Why Stapleton residents fear their streets
To get things built, new urbanist designers often must compromise their design ideals. Frequently that means taking what we love about New Urbanism and trying to squeeze it through conventional traffic engineering standards and mindsets. The end product is typically a hybrid; it possesses some of the qualities that make New Urbanism desirable but is diluted by conventional demands such as swift automobile circulation.
Living for the last three years in Stapleton, the Denver area’s largest new urbanist development, I’ve been confronted by the discrepancy between the ideal, on the one hand, and the impure built reality, on the other. When it comes to New Urbanism, Stapleton looks the part with beautiful, tree-lined streets, great architecture, mixed uses, neighborhood schools, and an abundance of parks, greenways, sidewalks, and bike lanes.
However idyllic the transportation system appears to be, cars moving at very high speeds are not uncommon, and driving is more prevalent in Stapleton, a Denver Regional Council of Governments survey found, than in three of Denver’s older, more established neighborhoods—Cherry Creek, East Colfax, and the Highlands.
Handling the disconnect
I came to realize that if we look at Stapleton’s street designs, street network, and how people actually use the transportation system, we might be able to figure out how new urbanists can better handle the disconnect between new urban transportation design ideals and conventional engineering solutions—and the insidious implications of those disconnects.
There will never be a single, cookie-cutter approach to designing a transportation system consistent with New Urbanism’s ideals. However, we can get a sense of how to proceed by noting that most new urbanists do subscribe to a few underlying principles. Among them: an insistence on narrow streets, supported by a compact and connected street network.

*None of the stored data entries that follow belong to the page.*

lemma relation_lift:
  assumes "is_path G y q z" "minimal_rel H I (fv y) z' \<rho>" "map fa q \<in> supp \<rho>" "p \<in> supp \<rho>"
  obtains q' where "basic_homot G J y (fwd_walk q) (fwd_walk q') z"
    "basic_homot G J y (fwd_walk q') (fwd_walk q) z" "map fa q' = p"
proof -
  have y: "y \<in> verts G" using is_path_verts[OF assms(1)] by simp
  have "\<forall>a\<in>verts G. fv a = fv y \<longrightarrow> (\<exists>b\<in>verts G. fv b = z' \<and> (\<exists>\<rho>'\<in>J a b. kmap fa \<rho>' = \<rho>))"
    using covering_rel assms(2) unfolding covering_rel_def by blast
  then obtain b \<rho>' where b: "b \<in> verts G" "fv b = z'" and \<rho>': "\<rho>' \<in> J y b" "kmap fa \<rho>' = \<rho>"
    using y by blast
  have supp: "supp \<rho> = map fa ` supp \<rho>'"
    using supp_kmap_inj_on[OF kmap_inj_on_ideal[OF \<rho>'(1)]] \<rho>'(2) by simp
  obtain u where u: "u \<in> supp \<rho>'" "map fa u = map fa q" using assms(3) supp by auto
  have "u = q \<and> b = z" using path_image_inj[OF ideal_path[OF \<rho>'(1) u(1)] assms(1) u(2)] .
  then have q: "q \<in> supp \<rho>'" and "\<rho>' \<in> J y z" "fv z = z'" using u(1) \<rho>'(1) b(2) by simp_all
  then have "minimal_rel G J y z \<rho>'"
    using minimal_rel_lift[of y z \<rho>'] assms(2) \<rho>'(2) is_path_verts[OF assms(1)] by simp
  moreover obtain q' where "q' \<in> supp \<rho>'" "map fa q' = p" using assms(4) supp by auto
  ultimately show thesis using q that unfolding basic_homot_def by blast
qed

lemma cancellation_lift:
  assumes "is_walk G y s z" "map_walk fa s = [(\<alpha>, d), (\<alpha>, \<not> d)]"
  shows "basic_homot G J y s [] z"
proof -
  obtain \<beta>1 \<beta>2 where s: "s = [(\<beta>1, d), (\<beta>2, \<not> d)]" and "fa \<beta>1 = fa \<beta>2"
    using assms(2) by (auto simp: map_eq_Cons_conv)
  have "\<beta>1 \<in> arrs G" "\<beta>2 \<in> arrs G" "if d then tgt G \<beta>2 = tgt G \<beta>1 else src G \<beta>2 = src G \<beta>1"
    using assms(1) s by (auto split: if_splits)
  moreover have "tgt G \<beta>1 \<in> verts G" "src G \<beta>1 \<in> verts G"
    using wf \<open>\<beta>1 \<in> arrs G\<close> by (auto simp: wf_quiver_def)
  ultimately have "\<beta>1 = \<beta>2"
    using \<open>fa \<beta>1 = fa \<beta>2\<close> in_arr_inj out_arr_inj by (cases d) metis+
  then show ?thesis using assms(1) s unfolding basic_homot_def by (cases d) auto
qed

lemma cancellation_lift_rev:
  assumes "y \<in> verts G" "\<alpha> \<in> arrs H" "(if d then src H \<alpha> else tgt H \<alpha>) = fv y"
  obtains \<beta> where "basic_homot G J y [(\<beta>, d), (\<beta>, \<not> d)] [] y" "fa \<beta> = \<alpha>"
proof (cases d)
  case True
  then obtain \<beta> where "\<beta> \<in> arrs G" "src G \<beta> = y" "fa \<beta> = \<alpha>"
    using out_arr_lift assms by auto
  then show thesis using that True unfolding basic_homot_def by auto
next
  case False
  then obtain \<beta> where "\<beta> \<in> arrs G" "tgt G \<beta> = y" "fa \<beta> = \<alpha>"
    using in_arr_lift assms by auto
  then show thesis using that False unfolding basic_homot_def by auto
qed

lemma basic_homot_lift:
  assumes "is_walk G y s z"
    and "basic_homot H I (fv y) (map_walk fa s) s'' z'' \<or> basic_homot H I (fv y) s'' (map_walk fa s) z''"
  obtains s' where "basic_homot G J y s s' z \<or> basic_homot G J y s' s z" "map_walk fa s' = s''"
proof -
  have y: "y \<in> verts G" using is_walk_verts[OF assms(1)] by simp
  from assms(2) show thesis
  proof (cases rule: basic_homot_cases)
    case cancel
    then show thesis using cancellation_lift[OF assms(1) cancel(3)] that[of "[]"] by simp
  next
    case (cancel_rev \<alpha> d)
    then have "s = []" "z = y" using assms(1) by simp_all
    obtain \<beta> where "basic_homot G J y [(\<beta>, d), (\<beta>, \<not> d)] [] y" "fa \<beta> = \<alpha>"
      using cancellation_lift_rev[OF y cancel_rev(1,2)] .
    then show thesis
      using that[of "[(\<beta>, d), (\<beta>, \<not> d)]"] cancel_rev(3) \<open>s = []\<close> \<open>z = y\<close> by simp
  next
    case (relation \<rho> p p'')
    then have "s = fwd_walk (map fst s)" "map fa (map fst s) = p"
      using map_walk_eq_fwd_walkD by blast+
    moreover have "is_path G y (map fst s) z"
      using assms(1) calculation(1) is_walk_fwd_walk by metis
    ultimately obtain q' where "basic_homot G J y s (fwd_walk q') z" "basic_homot G J y (fwd_walk q') s z"
        "map fa q' = p''"
      using relation_lift relation(1-3) by metis
    moreover have "map_walk fa (fwd_walk q') = s''"
      unfolding map_walk_fwd_walk using calculation(3) relation(5) by simp
    ultimately show thesis using that by blast
  qed
qed

lemma homot_step_lift:
  assumes "is_walk G x w e" "symclp (homot_step H I (fv x)) (map_walk fa w) W"
  obtains w' where "symclp (homot_step G J x) w w'" "map_walk fa w' = W"
proof -
  obtain u t s s'' y z'' e'' where h: "is_walk H (fv x) u y"
      "basic_homot H I y s s'' z'' \<or> basic_homot H I y s'' s z''"
      "map_walk fa w = u @ s @ t" "W = u @ s'' @ t"
    using assms(2) unfolding symclp_homot_step_iff by blast
  obtain wu ws wt where split: "w = wu @ ws @ wt" "map_walk fa wu = u" "map_walk fa ws = s"
      "map_walk fa wt = t"
    using h(3) by (rule map_walk_eq_append3)
  obtain y' z where walks: "is_walk G x wu y'" "is_walk G y' ws z" "is_walk G z wt e"
    using assms(1) unfolding split(1) is_walk_append by blast
  have "fv y' = y" using walk_image[OF walks(1)] h(1) split(2) is_walk_walk_end by metis
  then obtain ws' where ws': "basic_homot G J y' ws ws' z \<or> basic_homot G J y' ws' ws z"
      "map_walk fa ws' = s''"
    using basic_homot_lift[OF walks(2)] h(2) split(3) by metis
  have "symclp (homot_step G J x) w (wu @ ws' @ wt)"
    unfolding symclp_homot_step_iff using walks ws'(1) split(1) by blast
  moreover have "map_walk fa (wu @ ws' @ wt) = W" using split ws'(2) h(4) by simp
  ultimately show thesis by (rule that)
qed

lemma homotopic_lift:
  assumes "is_walk G x w e" "homotopic H I (fv x) (map_walk fa w) W"
  obtains w' where "homotopic G J x w w'" "map_walk fa w' = W"
proof -
  from assms(2) have "\<exists>w'. homotopic G J x w w' \<and> map_walk fa w' = W"
    unfolding homotopic_eq_equivclp[of H]
  proof (induction rule: equivclp_induct)
    case (step W1 W2)
    then obtain w1 where w1: "homotopic G J x w w1" "map_walk fa w1 = W1" by blast
    then have "is_walk G x w1 e" using assms(1) homotopic_walk_iff by blast
    then obtain w2 where "symclp (homot_step G J x) w1 w2" "map_walk fa w2 = W2"
      using homot_step_lift step(2) w1(2) unfolding symclp_def by metis
    then show ?case
      using w1(1) unfolding homotopic_eq_equivclp symclp_def by (blast intro: equivclp_into_equivclp)
  qed (intro exI[of _ w], simp)
  then show thesis using that by blast
qed

lemma homotopic_Nil_lift:
  assumes "is_walk G x w e" "homotopic H I (fv x) (map_walk fa w) []"
  shows "homotopic G J x w []"
  using homotopic_lift[OF assms] by force

end

section \<open>The homotopy cover\<close>

locale homotopy_cover = quiver_with_relations Q I
  for Q :: "('v, 'a) quiver" and I :: "'v \<Rightarrow> 'v \<Rightarrow> ('a list \<Rightarrow> 'k::field) set" +
  fixes b :: 'v
  assumes connected: "connected_quiver Q" and base: "b \<in> verts Q"
begin

text \<open>The vertices of the cover are the homotopy classes of walks starting at \<open>b\<close>, each
  represented by a chosen member.\<close>

definition rep :: "('a \<times> bool) list \<Rightarrow> ('a \<times> bool) list" where
  "rep w = (SOME w'. homotopic Q I b w w')"

lemma rep_homotopic: "homotopic Q I b w (rep w)"
  unfolding rep_def by (rule someI[of _ w]) simp

lemma rep_eq_iff: "rep w = rep w' \<longleftrightarrow> homotopic Q I b w w'"
proof
  assume "homotopic Q I b w w'"
  then have "homotopic Q I b w = homotopic Q I b w'"
    by (auto intro: homotopic_trans homotopic_sym)
  then show "rep w = rep w'" unfolding rep_def by simp
qed (metis rep_homotopic homotopic_sym homotopic_trans)

lemma rep_rep: "rep (rep w) = rep w"
  using rep_eq_iff rep_homotopic homotopic_sym by metis

lemma rep_walk: "is_walk Q b w e \<Longrightarrow> is_walk Q b (rep w) e"
  using homotopic_walk_iff[OF rep_homotopic] by blast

Stapleton was intended to embody such thinking. The 1995 “Green Book,” the redevelopment plan for the 4,700 acres of former airport land, states that one of the project’s primary transportation goals is to connect the huge site to the existing gridded street network outside its boundaries. The document even shows historical maps of the city’s original 1920s street grid expansion plan—reinforcing the underlying intent of fully linking Stapleton to the surrounding grid.
As it developed, Stapleton ended up with a street network that’s relatively compact. Though the blocks aren’t nearly as small as those in downtown Portland, Oregon, which has a grid of 200-by-200-foot blocks, Stapleton’s network has a compactness similar to that of Berkeley, California—a highly walkable and bikable city.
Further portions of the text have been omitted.